Tuesday, March 3, 2015

Shoo-shoos

After three months of glacial progress,  our amaryllis shot up leaves and a double blossom last week.  And then, like a damp firecracker, it fizzled, turned into a dud, a shoo-shoo.  What had finally looked like a true amaryllis bud revealed itself to be mostly hollow with a few dried out papery proto-flower parts. 

I had started thinking shoo-shoo when I noticed that one of the hyacinth buds in our latest bulb pot was small and only partly developed.  I dug around a little deeper inside the one bud that didn't seem be progressing and found the dried up stump shown in 4125.  I then wondered if that slow-moving amaryllis bud could be a shoo-shoo too.  The rest of these drawings show the withered dried out thin papery flower parts that didn't make it.  There was no evidence of insect damage or mildew,  just undeveloped dessicated almost transparent petals.

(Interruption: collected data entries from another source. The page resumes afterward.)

(* Let $(G,d,(D_\lambda)_{\lambda>0},\Gamma,V)$ be a dilation datum, $\lambda_0>1$ with $D:=D_{\lambda_0}$ satisfying $D(\Gamma)\subset\Gamma$, and $r_+>0$ with $V\subset B(e,r_+)$. Let $r>r_+$ and $\lambda_0>\frac{r}{r-r_+}$. If $B(e,r)\subset V(n_0)$ for some $n_0\in\mathbb N$, then every bounded subset of $G$ is contained in $V(n)$ for some $n\in\mathbb N$, and for all $k\in\mathbb N$ \[B(e,c_-\lambda_0^{k-1})\subset V(n_0+k)\subset B(e,c_+\lambda_0^{n_0+k}),\] where $c_-:=\lambda_0(r-r_+)-r>0$ and $c_+:=r\big(1+\frac{\lambda_0}{\lambda_0-1}\big)$.
   Context: Dilation datum $(G,d,(D_\lambda),\Gamma,V)$: $G$ connected lcsc group, $d$ left-invariant metric inducing the topology, $\lambda\mapsto D_\lambda$ homomorphism $(\mathbb R_{>0},\cdot)\to\mathrm{Aut}(G)$ with $d(D_\lambda g,D_\lambda h)=\lambda d(g,h)$; $\Gamma$ uniform lattice with $D_\lambda(\Gamma)\subset\Gamma$ for some $\lambda>1$; $V$ bounded Borel set containing an open identity neighbourhood with $G=\bigsqcup_{\gamma\in\Gamma}\gamma V$. $B(g,r)$ is the open $d$-ball. $V(0):=V$ and $V(n):=D\big((V(n-1)\cap\Gamma)V\big)$ for $n\ge1$. *)

theory Defs
  imports "HOL-Analysis.Analysis"
begin

text \<open>The group G is modelled as a type 'a with a (not necessarily commutative)
group structure written additively (class group_add; identity 0, product x + y)
and a metric (class metric_space) which induces the topology.\<close>

definition topological_group :: "'a::{metric_space,group_add} itself \<Rightarrow> bool" where
  "topological_group _ \<longleftrightarrow>
     continuous_on UNIV (\<lambda>p::'a \<times> 'a. fst p + snd p) \<and>
     continuous_on UNIV (uminus :: 'a \<Rightarrow> 'a)"

definition left_invariant_metric :: "'a::{metric_space,group_add} itself \<Rightarrow> bool" where
  "left_invariant_metric _ \<longleftrightarrow> (\<forall>g x y :: 'a. dist (g + x) (g + y) = dist x y)"

definition lmult :: "'a::group_add \<Rightarrow> 'a set \<Rightarrow> 'a set" where
  "lmult g A = (\<lambda>a. g + a) ` A"

definition setprod :: "'a::group_add set \<Rightarrow> 'a set \<Rightarrow> 'a set" where
  "setprod A B = {a + b | a b. a \<in> A \<and> b \<in> B}"

definition is_subgroup :: "'a::group_add set \<Rightarrow> bool" where
  "is_subgroup H \<longleftrightarrow> 0 \<in> H \<and> (\<forall>x\<in>H. \<forall>y\<in>H. x + y \<in> H) \<and> (\<forall>x\<in>H. - x \<in> H)"

definition uniform_lattice :: "'a::{metric_space,group_add} set \<Rightarrow> bool" where
  "uniform_lattice \<Gamma> \<longleftrightarrow> is_subgroup \<Gamma> \<and>
     (\<forall>\<gamma>\<in>\<Gamma>. \<exists>\<epsilon>>0. \<forall>\<gamma>'\<in>\<Gamma>. dist \<gamma> \<gamma>' < \<epsilon> \<longrightarrow> \<gamma>' = \<gamma>) \<and>
     (\<exists>K. compact K \<and> setprod \<Gamma> K = UNIV)"

definition automorphism :: "('a::{metric_space,group_add} \<Rightarrow> 'a) \<Rightarrow> bool" where
  "automorphism f \<longleftrightarrow> bij f \<and> (\<forall>x y. f (x + y) = f x + f y) \<and> homeomorphism UNIV UNIV f (inv f)"

definition dilation_datum ::
  "(real \<Rightarrow> 'a::{metric_space,group_add,second_countable_topology} \<Rightarrow> 'a) \<Rightarrow> 'a set \<Rightarrow> 'a set \<Rightarrow> bool" where
  "dilation_datum D \<Gamma> V \<longleftrightarrow>
     topological_group TYPE('a) \<and> connected (UNIV :: 'a set) \<and> locally compact (UNIV :: 'a set) \<and>
     left_invariant_metric TYPE('a) \<and>
     D 1 = id \<and> (\<forall>s>0. \<forall>t>0. D (s * t) = D s \<circ> D t) \<and>
     (\<forall>s>0. automorphism (D s)) \<and>
     (\<forall>s>0. \<forall>g h. dist (D s g) (D s h) = s * dist g h) \<and>
     uniform_lattice \<Gamma> \<and> (\<exists>s>1. D s ` \<Gamma> \<subseteq> \<Gamma>) \<and>
     bounded V \<and> V \<in> sets borel \<and> (\<exists>U. open U \<and> 0 \<in> U \<and> U \<subseteq> V) \<and>
     (\<forall>g. \<exists>!\<gamma>. \<gamma> \<in> \<Gamma> \<and> g \<in> lmult \<gamma> V)"

fun Vn :: "('a::group_add \<Rightarrow> 'a) \<Rightarrow> 'a set \<Rightarrow> 'a set \<Rightarrow> nat \<Rightarrow> 'a set" where
  "Vn D \<Gamma> V 0 = V"
| "Vn D \<Gamma> V (Suc n) = D ` setprod (Vn D \<Gamma> V n \<inter> \<Gamma>) V"

end

theory Submission
  imports Defs
begin

(* Write |g| for dist 0 g. The dilation multiplies |g| by l, and every tile lies in B(0,rp),
   so a ball B(0,t) inside V(n) yields the ball B(0, l (t - rp)) inside V(n+1), while an outer
   radius R of V(n) grows to at most l (R + rp). Both recursions are affine with ratio l > 1 and
   fixed points +-l rp/(l - 1); solving them gives the two radii. The inner radius grows
   geometrically exactly when l (r - rp) > r, and then every bounded set is eventually swallowed. *)

lemma dist_zero_add_le:
  fixes a b :: "'a::{metric_space,group_add}"
  assumes "left_invariant_metric TYPE('a)"
  shows "dist 0 (a + b) \<le> dist 0 a + dist 0 b"
proof -
  have "dist a (a + b) = dist 0 b"
    using assms unfolding left_invariant_metric_def by (metis add.right_neutral)
  then show ?thesis using dist_triangle[of 0 "a + b" a] by simp
qed

lemma dist_zero_minus:
  fixes a :: "'a::{metric_space,group_add}"
  assumes "left_invariant_metric TYPE('a)"
  shows "dist 0 (- a) = dist 0 a"
  using assms unfolding left_invariant_metric_def
  by (metis add.right_neutral add.right_inverse dist_commute)

locale dilated_tiling =
  fixes E :: "'a::{metric_space,group_add} \<Rightarrow> 'a" and \<Gamma> V :: "'a set" and l r\<^sub>p :: real
  assumes left_invariant: "left_invariant_metric TYPE('a)"
    and E_zero: "E 0 = 0"
    and E_surj: "surj E"
    and dist_E: "\<And>x y. dist (E x) (E y) = l * dist x y"
    and l_gt_1: "l > 1"
    and tiling: "\<And>g. \<exists>\<gamma>\<in>\<Gamma>. \<exists>v\<in>V. g = \<gamma> + v"
    and V_subset: "V \<subseteq> ball 0 r\<^sub>p"
begin

lemma dist_zero_E: "dist 0 (E x) = l * dist 0 x"
  using dist_E[of 0 x] E_zero by simp

lemma tile_radius_pos: "r\<^sub>p > 0"
proof -
  obtain v where "v \<in> V" using tiling by blast
  then have "dist 0 v < r\<^sub>p" using V_subset by auto
  then show ?thesis using zero_le_dist[of 0 v] by linarith
qed

lemma fixed_point: "l * (l * r\<^sub>p / (l - 1) - r\<^sub>p) = l * r\<^sub>p / (l - 1)"
  using l_gt_1 by (simp add: field_simps)

lemma ball_subset_Vn_Suc:
  assumes "ball 0 t \<subseteq> Vn E \<Gamma> V m"
  shows "ball 0 (l * (t - r\<^sub>p)) \<subseteq> Vn E \<Gamma> V (Suc m)"
proof
  fix g :: 'a assume "g \<in> ball 0 (l * (t - r\<^sub>p))"
  moreover obtain h where g: "g = E h" using E_surj by (metis surj_def)
  ultimately have h: "dist 0 h < t - r\<^sub>p"
    using l_gt_1 by (simp add: dist_zero_E)
  obtain \<gamma> v where \<gamma>: "\<gamma> \<in> \<Gamma>" and v: "v \<in> V" and hv: "h = \<gamma> + v" using tiling by blast
  have "dist 0 \<gamma> \<le> dist 0 h + dist 0 v"
    using hv dist_zero_add_le[OF left_invariant, of h "- v"] dist_zero_minus[OF left_invariant, of v]
    by (simp add: algebra_simps)
  also have "\<dots> < t" using h v V_subset by auto
  finally have "\<gamma> \<in> Vn E \<Gamma> V m" using assms by auto
  then have "h \<in> setprod (Vn E \<Gamma> V m \<inter> \<Gamma>) V" using \<gamma> v hv unfolding setprod_def by blast
  then show "g \<in> Vn E \<Gamma> V (Suc m)" using g by simp
qed

lemma ball_subset_Vn_add:
  assumes "ball 0 r \<subseteq> Vn E \<Gamma> V n\<^sub>0"
  shows "ball 0 (l * r\<^sub>p / (l - 1) + l ^ k * (r - l * r\<^sub>p / (l - 1))) \<subseteq> Vn E \<Gamma> V (n\<^sub>0 + k)"
proof (induction k)
  case 0
  then show ?case using assms by simp
next
  case (Suc k)
  have "l * r\<^sub>p / (l - 1) + l ^ Suc k * (r - l * r\<^sub>p / (l - 1))
      = l * (l * r\<^sub>p / (l - 1) + l ^ k * (r - l * r\<^sub>p / (l - 1)) - r\<^sub>p)"
    using fixed_point by (simp add: algebra_simps)
  then show ?case using ball_subset_Vn_Suc[OF Suc.IH] by simp
qed

lemma Vn_subset_ball:
  "Vn E \<Gamma> V n \<subseteq> ball 0 (l ^ n * (r\<^sub>p + l * r\<^sub>p / (l - 1)) - l * r\<^sub>p / (l - 1))"
proof (induction n)
  case 0
  show ?case using V_subset by simp
next
  case (Suc n)
  show ?case
  proof
    fix x assume "x \<in> Vn E \<Gamma> V (Suc n)"
    then obtain a b where a: "a \<in> Vn E \<Gamma> V n" and b: "b \<in> V" and x: "x = E (a + b)"
      by (auto simp: setprod_def)
    have "dist 0 (a + b) \<le> dist 0 a + dist 0 b" by (rule dist_zero_add_le[OF left_invariant])
    also have "\<dots> < l ^ n * (r\<^sub>p + l * r\<^sub>p / (l - 1)) - l * r\<^sub>p / (l - 1) + r\<^sub>p"
      using a b Suc.IH V_subset by (intro add_strict_mono) auto
    finally have "dist 0 x < l * (l ^ n * (r\<^sub>p + l * r\<^sub>p / (l - 1)) - l * r\<^sub>p / (l - 1) + r\<^sub>p)"
      using x l_gt_1 by (simp add: dist_zero_E)
    also have "\<dots> = l ^ Suc n * (r\<^sub>p + l * r\<^sub>p / (l - 1)) - l * r\<^sub>p / (l - 1)"
      using fixed_point by (simp add: algebra_simps)
    finally show "x \<in> ball 0 (l ^ Suc n * (r\<^sub>p + l * r\<^sub>p / (l - 1)) - l * r\<^sub>p / (l - 1))"
      by simp
  qed
qed

lemma margin_eq: "l * (r - r\<^sub>p) - r = (l - 1) * (r - l * r\<^sub>p / (l - 1))"
  using l_gt_1 by (simp add: field_simps)

lemma margin_pos:
  assumes "l * (r - r\<^sub>p) > r"
  shows "r - l * r\<^sub>p / (l - 1) > 0"
proof -
  have "(l - 1) * (r - l * r\<^sub>p / (l - 1)) > 0" using assms margin_eq[of r] by linarith
  then show ?thesis using l_gt_1 by (simp add: zero_less_mult_iff)
qed

lemma ball_powr_subset_Vn:
  assumes sub: "ball 0 r \<subseteq> Vn E \<Gamma> V n\<^sub>0" and margin: "l * (r - r\<^sub>p) > r"
  shows "ball 0 ((l * (r - r\<^sub>p) - r) * l powr (real k - 1)) \<subseteq> Vn E \<Gamma> V (n\<^sub>0 + k)"
proof -
  have pos: "r - l * r\<^sub>p / (l - 1) > 0" using margin_pos[OF margin] .
  have "(l * (r - r\<^sub>p) - r) * l powr (real k - 1) = l ^ k * (r - l * r\<^sub>p / (l - 1)) * ((l - 1) / l)"
    using l_gt_1 by (simp add: margin_eq powr_diff powr_realpow)
  also have "\<dots> \<le> l ^ k * (r - l * r\<^sub>p / (l - 1))"
    using l_gt_1 pos by (intro mult_left_le) auto
  also have "\<dots> \<le> l * r\<^sub>p / (l - 1) + l ^ k * (r - l * r\<^sub>p / (l - 1))"
    using l_gt_1 tile_radius_pos by simp
  finally show ?thesis using ball_subset_Vn_add[OF sub, of k] by auto
qed

lemma Vn_subset_ball_pow:
  assumes "r\<^sub>p \<le> r"
  shows "Vn E \<Gamma> V n \<subseteq> ball 0 (r * (1 + l / (l - 1)) * l ^ n)"
proof -
  have "l ^ n * (r\<^sub>p + l * r\<^sub>p / (l - 1)) - l * r\<^sub>p / (l - 1) \<le> l ^ n * (r\<^sub>p + l * r\<^sub>p / (l - 1))"
    using l_gt_1 tile_radius_pos by simp
  also have "\<dots> = l ^ n * (r\<^sub>p * (1 + l / (l - 1)))" by (simp add: algebra_simps)
  also have "\<dots> \<le> r * (1 + l / (l - 1)) * l ^ n"
    using l_gt_1 assms by (simp add: mult_right_mono)
  finally show ?thesis using Vn_subset_ball[of n] by auto
qed

lemma bounded_subset_Vn:
  assumes sub: "ball 0 r \<subseteq> Vn E \<Gamma> V n\<^sub>0" and margin: "l * (r - r\<^sub>p) > r"
    and "bounded B"
  shows "\<exists>n. B \<subseteq> Vn E \<Gamma> V n"
proof -
  obtain Q where Q: "B \<subseteq> ball 0 Q" using \<open>bounded B\<close> bounded_subset_ballD by blast
  have pos: "r - l * r\<^sub>p / (l - 1) > 0" using margin_pos[OF margin] .
  obtain k where "Q / (r - l * r\<^sub>p / (l - 1)) < l ^ k" using real_arch_pow[OF l_gt_1] by blast
  then have "Q < l ^ k * (r - l * r\<^sub>p / (l - 1))" using pos by (simp add: field_simps)
  also have "\<dots> \<le> l * r\<^sub>p / (l - 1) + l ^ k * (r - l * r\<^sub>p / (l - 1))"
    using l_gt_1 tile_radius_pos by simp
  finally have "B \<subseteq> ball 0 (l * r\<^sub>p / (l - 1) + l ^ k * (r - l * r\<^sub>p / (l - 1)))"
    using Q subset_ball[of Q] by auto
  then show ?thesis using ball_subset_Vn_add[OF sub, of k] by blast
qed

end

theorem lemma5:
  fixes D :: "real \<Rightarrow> 'a::{metric_space,group_add,second_countable_topology} \<Rightarrow> 'a"
    and \<Gamma> V :: "'a set"
    and l\<^sub>0 r\<^sub>p r :: real and n\<^sub>0 :: nat
  assumes datum: "dilation_datum D \<Gamma> V"
    and lam_gt: "l\<^sub>0 > 1" and D_Gamma: "D l\<^sub>0 ` \<Gamma> \<subseteq> \<Gamma>"
    and rp_pos: "r\<^sub>p > 0" and V_sub: "V \<subseteq> ball 0 r\<^sub>p"
    and r_gt: "r > r\<^sub>p" and lam_big: "l\<^sub>0 > r / (r - r\<^sub>p)"
    and ball_sub: "ball 0 r \<subseteq> Vn (D l\<^sub>0) \<Gamma> V n\<^sub>0"
  shows "(\<forall>B::'a set. bounded B \<longrightarrow> (\<exists>n. B \<subseteq> Vn (D l\<^sub>0) \<Gamma> V n)) \<and>
         (let c\<^sub>m = l\<^sub>0 * (r - r\<^sub>p) - r; c\<^sub>p = r * (1 + l\<^sub>0 / (l\<^sub>0 - 1)) in
           c\<^sub>m > 0 \<and>
           (\<forall>k::nat. ball 0 (c\<^sub>m * l\<^sub>0 powr (real k - 1)) \<subseteq> Vn (D l\<^sub>0) \<Gamma> V (n\<^sub>0 + k) \<and>
                     Vn (D l\<^sub>0) \<Gamma> V (n\<^sub>0 + k) \<subseteq> ball 0 (c\<^sub>p * l\<^sub>0 ^ (n\<^sub>0 + k))))"
proof -
  have datum_facts: "left_invariant_metric TYPE('a)" "automorphism (D l\<^sub>0)"
      "\<forall>g h. dist (D l\<^sub>0 g) (D l\<^sub>0 h) = l\<^sub>0 * dist g h"
      "\<forall>g. \<exists>!\<gamma>. \<gamma> \<in> \<Gamma> \<and> g \<in> lmult \<gamma> V"
    using datum lam_gt unfolding dilation_datum_def by auto
  have D_add: "D l\<^sub>0 (x + y) = D l\<^sub>0 x + D l\<^sub>0 y" for x y
    using datum_facts(2) unfolding automorphism_def by blast
  interpret dilated_tiling "D l\<^sub>0" \<Gamma> V l\<^sub>0 r\<^sub>p
  proof
    show "D l\<^sub>0 0 = 0" using D_add[of 0 0] by (metis add.right_neutral add_left_cancel)
    show "surj (D l\<^sub>0)" using datum_facts(2) unfolding automorphism_def bij_def by blast
    show "\<exists>\<gamma>\<in>\<Gamma>. \<exists>v\<in>V. g = \<gamma> + v" for g
      using datum_facts(4) unfolding lmult_def by blast
  qed (use datum_facts lam_gt V_sub in auto)
  have margin: "l\<^sub>0 * (r - r\<^sub>p) > r"
    using lam_big r_gt by (simp add: pos_divide_less_eq)
  show ?thesis
    unfolding Let_def
    using bounded_subset_Vn[OF ball_sub margin] ball_powr_subset_Vn[OF ball_sub margin]
      Vn_subset_ball_pow r_gt margin by auto
qed

end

I learned the word shoo-shoo in New Orleans when I was a child.  We kids used to go outside on the 5th of July and poke around in the gutters to look for shoo-shoos-- fireworks that had ignited but then fizzled out.  We considered a shoo-shoo to be a lucky find because they were mostly intact, and we knew that if we dried them out completely we would be able to light them and they would explode!  We never, ever succeeded in exploding a shoo-shoo, but that didn't keep us from hunting for shoo-shoos in the wake of every holiday involving fireworks.

1 comment:

  1. And Gwen is correct. Not only did we go out on July 5th to look for "shoo shoos", but we went out on New Years Day. People would light whole packs of firecrackers to watch them dance as they exploded in the middle of the street. But often some of them wouldn't explode. We'd also find unexploded firecrackers with no fuse and bend them in half and light the powder and watch them dance around sending out a shower of sparks.

    Now, we didn't wear any protective gear like helmets or elbow pads or knee pads or gloves. But, we survived intact to this day.